Task directions -
Word for word, transcribe the material below from its first line to the line with "M are symmetric", both included.

Task material -
▼▼▼

(* Binomial inversion, sum_l (-1)^l C(j,l) C(l,k) = (-1)^k [j = k], says Psi Lam Psi = Lam. Hence
   Lam Psi Lam is the inverse of Psi, (Psi Lam)^2 = I, and transposing gives Psi^T Lam Psi^T = Lam;
   with Vandermonde's T = Psi Psi^T this yields T^-1 = Lam Psi^T Psi Lam.
   For the conjugation it suffices to show J Psi = Psi M with M = -Lam J Lam + (N^2 - 1) I. Both J and
   M are symmetric tridiagonal, so the (j,k) entries of both sides are three-term combinations of
   binomial coefficients next to C(j,k); expressing these through their ratios to C(j,k) reduces the
   claim to a polynomial identity. No boundary terms appear because the off-diagonal entry
   (a + 1)(N^2 - (a + 1)^2) vanishes at a = -1 and at a = N - 1. *)

lemma mult_mat_mat:
  "mat n m f * mat m p g = mat n p (\<lambda>(i, k). \<Sum>l<m. f (i, l) * g (l, k))"
  by (rule eq_matI) (auto simp: scalar_prod_def lessThan_atLeast0)

lemma inv_mat_eqI:
  fixes A B :: "'a :: field mat"
  assumes A: "A \<in> carrier_mat n n" and B: "B \<in> carrier_mat n n"
    and AB: "A * B = 1\<^sub>m n" and BA: "B * A = 1\<^sub>m n"
  shows "inv_mat A = B"
proof (cases "mat_inverse A")
  case None
  from mat_inverse(1)[OF A None, of undefined] A B AB BA show ?thesis
    by (auto simp: Units_def ring_mat_def)
next
  case (Some C)
  from mat_inverse(2)[OF A Some] have C: "A * C = 1\<^sub>m n" "C * A = 1\<^sub>m n" "C \<in> carrier_mat n n"
    by auto
  have "C = C * (A * B)" using AB C by simp
  also have "\<dots> = (C * A) * B" using A B C(3) by (simp add: assoc_mult_mat)
  also have "\<dots> = B" using B C(2) by simp
  finally show ?thesis using Some by (simp add: inv_mat_def)
qed

lemma invertible_matI:
  assumes "A \<in> carrier_mat n n" "B \<in> carrier_mat n n" "A * B = 1\<^sub>m n" "B * A = 1\<^sub>m n"
  shows "invertible_mat A"
  using assms unfolding invertible_mat_def inverts_mat_def by auto

lemma Lam_mult_mat: "Lam N * mat N N f = mat N N (\<lambda>(j, k). (-1) ^ j * f (j, k))"
  unfolding Lam_def mult_mat_mat
  by (rule eq_matI)
    (auto simp: if_distrib[of "\<lambda>x. x * _"] if_distrib[of "\<lambda>x. _ * x"] sum.delta sum.delta'
      cong: if_cong)

lemma mat_mult_Lam: "mat N N f * Lam N = mat N N (\<lambda>(j, k). f (j, k) * (-1) ^ k)"
  unfolding Lam_def mult_mat_mat
  by (rule eq_matI)
    (auto simp: if_distrib[of "\<lambda>x. x * _"] if_distrib[of "\<lambda>x. _ * x"] sum.delta sum.delta'
      cong: if_cong)

lemma sum_alternating_choose_mult_choose:
  "(\<Sum>l\<le>j. (-1) ^ l * of_nat (j choose l) * of_nat (l choose k) :: 'a :: comm_ring_1)
     = (if j = k then (-1) ^ k else 0)"
proof (cases "k \<le> j")
  case False
  then show ?thesis by (auto intro!: sum.neutral simp: binomial_eq_0)
next
  case True
  have "(\<Sum>l\<le>j. (-1) ^ l * of_nat (j choose l) * of_nat (l choose k) :: 'a)
      = (\<Sum>i\<le>j - k. (-1) ^ (k + i) * of_nat (j choose (k + i)) * of_nat ((k + i) choose k))"
  proof -
    have "(\<Sum>l\<le>j. (-1) ^ l * of_nat (j choose l) * of_nat (l choose k) :: 'a)
        = (\<Sum>l\<in>{k..j}. (-1) ^ l * of_nat (j choose l) * of_nat (l choose k))"
      by (rule sum.mono_neutral_right) (auto simp: binomial_eq_0)
    then show ?thesis
      using sum.atLeastAtMost_shift_0[OF True] by (simp add: atLeast0AtMost)
  qed
  also have "\<dots> = (-1) ^ k * of_nat (j choose k) * (\<Sum>i\<le>j - k. (-1) ^ i * of_nat ((j - k) choose i))"
    unfolding sum_distrib_left
  proof (rule sum.cong)
    fix i assume "i \<in> {..j - k}"
    then have "k + i \<le> j" using True by simp
    then have "(j choose (k + i)) * ((k + i) choose k) = (j choose k) * ((j - k) choose i)"
      using choose_mult[of k "k + i" j] by simp
    then have "of_nat (j choose (k + i)) * of_nat ((k + i) choose k)
        = (of_nat (j choose k) * of_nat ((j - k) choose i) :: 'a)"
      by (metis of_nat_mult)
    then show "(-1) ^ (k + i) * of_nat (j choose (k + i)) * of_nat ((k + i) choose k)
        = (-1) ^ k * of_nat (j choose k) * ((-1) ^ i * of_nat ((j - k) choose i) :: 'a)"
      by (simp add: power_add mult_ac)
  qed simp
  also have "\<dots> = (if j = k then (-1) ^ k else 0)"
    using choose_alternating_sum[of "j - k", where 'a='a] True by auto
  finally show ?thesis .
qed

lemma sum_choose_mult_choose: "(\<Sum>l\<le>k. (j choose l) * (k choose l)) = (j + k) choose j"
proof -
  have "(\<Sum>l\<le>k. (j choose l) * (k choose l)) = (\<Sum>l\<le>k. (j choose l) * (k choose (k - l)))"
    by (rule sum.cong) (auto simp flip: binomial_symmetric)
  also have "\<dots> = (j + k) choose k" by (rule vandermonde)
  finally show ?thesis using binomial_symmetric[of j "j + k"] by simp
qed

lemma binomial_neighbour_ratios:
  fixes j k :: nat
  assumes "k \<le> j"
  shows "(real j - real k + 1) * real (Suc j choose k) = (real j + 1) * real (j choose k)"
    and "real j * real ((j - 1) choose k) = (real j - real k) * real (j choose k)"
    and "(real k + 1) * real (j choose Suc k) = (real j - real k) * real (j choose k)"
    and "(real j - real k + 1) * (real k * real (j choose (k - 1))) = real k * (real k * real (j choose k))"
proof -
  have "real (Suc j - k) * real (Suc j choose k) = real (Suc j) * real (j choose k)"
    using binomial_absorb_comp[of "Suc j" k] by (metis diff_Suc_1 of_nat_mult)
  then show "(real j - real k + 1) * real (Suc j choose k) = (real j + 1) * real (j choose k)"
    using assms by (simp add: of_nat_diff algebra_simps)
  have "real j * real ((j - 1) choose k) = real (j - k) * real (j choose k)"
    using binomial_absorb_comp[of j k] by (metis of_nat_mult)
  then show "real j * real ((j - 1) choose k) = (real j - real k) * real (j choose k)"
    using assms by (simp add: of_nat_diff)
  have lower: "(real i + 1) * real (j choose Suc i) = (real j - real i) * real (j choose i)"
    if "i \<le> j" for i
  proof -
    have "real (Suc i) * real (j choose Suc i) = real (j - i) * real (j choose i)"
      using binomial_absorption[of i j] binomial_absorb_comp[of j i] by (metis of_nat_mult)
    then show ?thesis using that by (simp add: of_nat_diff algebra_simps)
  qed
  then show "(real k + 1) * real (j choose Suc k) = (real j - real k) * real (j choose k)"
    using assms .
  show "(real j - real k + 1) * (real k * real (j choose (k - 1))) = real k * (real k * real (j choose k))"
  proof (cases k)
    case (Suc i)
    then have "(real j - real k + 1) * real (j choose (k - 1)) = real k * real (j choose k)"
      using lower[of i] assms by (simp add: algebra_simps)
    then show ?thesis by (metis mult.left_commute)
  qed simp
qed

lemma carrier_Psi_Lam_Jm_Tm [simp]:
  "Psi N \<in> carrier_mat N N" "Lam N \<in> carrier_mat N N"
  "Jm N \<in> carrier_mat N N" "Tm N \<in> carrier_mat N N"
  by (simp_all add: Psi_def Lam_def Jm_def Tm_def)

lemma square_mult_carrier_mat [simp]:
  "A \<in> carrier_mat n n \<Longrightarrow> B \<in> carrier_mat n n \<Longrightarrow> A * B \<in> carrier_mat n n"
  by (rule mult_carrier_mat)

lemma transpose_Lam: "transpose_mat (Lam N) = Lam N"
  by (rule eq_matI) (auto simp: Lam_def)

lemma Lam_mult_Lam: "Lam N * Lam N = 1\<^sub>m N"
  unfolding Lam_mult_mat[of N "\<lambda>(j, k). if j = k then (-1) ^ j else 0", folded Lam_def]
  by (rule eq_matI) (auto simp flip: power_add)

lemma Psi_Lam_Psi: "Psi N * Lam N * Psi N = Lam N"
proof (rule eq_matI)
  fix j k assume jk: "j < dim_row (Lam N)" "k < dim_col (Lam N)"
  have "(\<Sum>l<N. real (j choose l) * (-1) ^ l * real (l choose k))
      = (\<Sum>l\<le>j. (-1) ^ l * real (j choose l) * real (l choose k))"
    by (rule sum.mono_neutral_cong_right) (use jk in \<open>auto simp: Lam_def binomial_eq_0\<close>)
  then show "(Psi N * Lam N * Psi N) $$ (j, k) = Lam N $$ (j, k)"
    using jk unfolding Psi_def mat_mult_Lam mult_mat_mat
    by (simp add: sum_alternating_choose_mult_choose Lam_def)
qed (simp_all add: Psi_def Lam_def)

lemma Psi_Lam_involution: "(Psi N * Lam N) * (Psi N * Lam N) = 1\<^sub>m N"
proof -
  have "(Psi N * Lam N) * (Psi N * Lam N) = (Psi N * Lam N * Psi N) * Lam N"
    by (simp add: assoc_mult_mat[of _ N N _ N _ N])
  then show ?thesis by (simp add: Psi_Lam_Psi Lam_mult_Lam)
qed

lemma Psi_inverse:
  "Psi N * (Lam N * Psi N * Lam N) = 1\<^sub>m N"
  "(Lam N * Psi N * Lam N) * Psi N = 1\<^sub>m N"
proof -
  have "Psi N * (Lam N * Psi N * Lam N) = (Psi N * Lam N) * (Psi N * Lam N)"
    by (simp add: assoc_mult_mat[of _ N N _ N _ N])
  then show "Psi N * (Lam N * Psi N * Lam N) = 1\<^sub>m N"
    by (simp add: Psi_Lam_involution)
  have "(Lam N * Psi N * Lam N) * Psi N = Lam N * (Psi N * Lam N * Psi N)"
    by (simp add: assoc_mult_mat[of _ N N _ N _ N])
  then show "(Lam N * Psi N * Lam N) * Psi N = 1\<^sub>m N"
    by (simp add: Psi_Lam_Psi Lam_mult_Lam)
qed

lemma inv_mat_Psi: "inv_mat (Psi N) = Lam N * Psi N * Lam N"
  using Psi_inverse by (intro inv_mat_eqI) simp_all

lemma transpose_Psi: "transpose_mat (Psi N) = mat N N (\<lambda>(j, k). real (k choose j))"
  by (rule eq_matI) (auto simp: Psi_def)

▲▲▲

Written reply -
(* Binomial inversion, sum_l (-1)^l C(j,l) C(l,k) = (-1)^k [j = k], says Psi Lam Psi = Lam. Hence
   Lam Psi Lam is the inverse of Psi, (Psi Lam)^2 = I, and transposing gives Psi^T Lam Psi^T = Lam;
   with Vandermonde's T = Psi Psi^T this yields T^-1 = Lam Psi^T Psi Lam.
   For the conjugation it suffices to show J Psi = Psi M with M = -Lam J Lam + (N^2 - 1) I. Both J and
   M are symmetric tridiagonal, so the (j,k) entries of both sides are three-term combinations of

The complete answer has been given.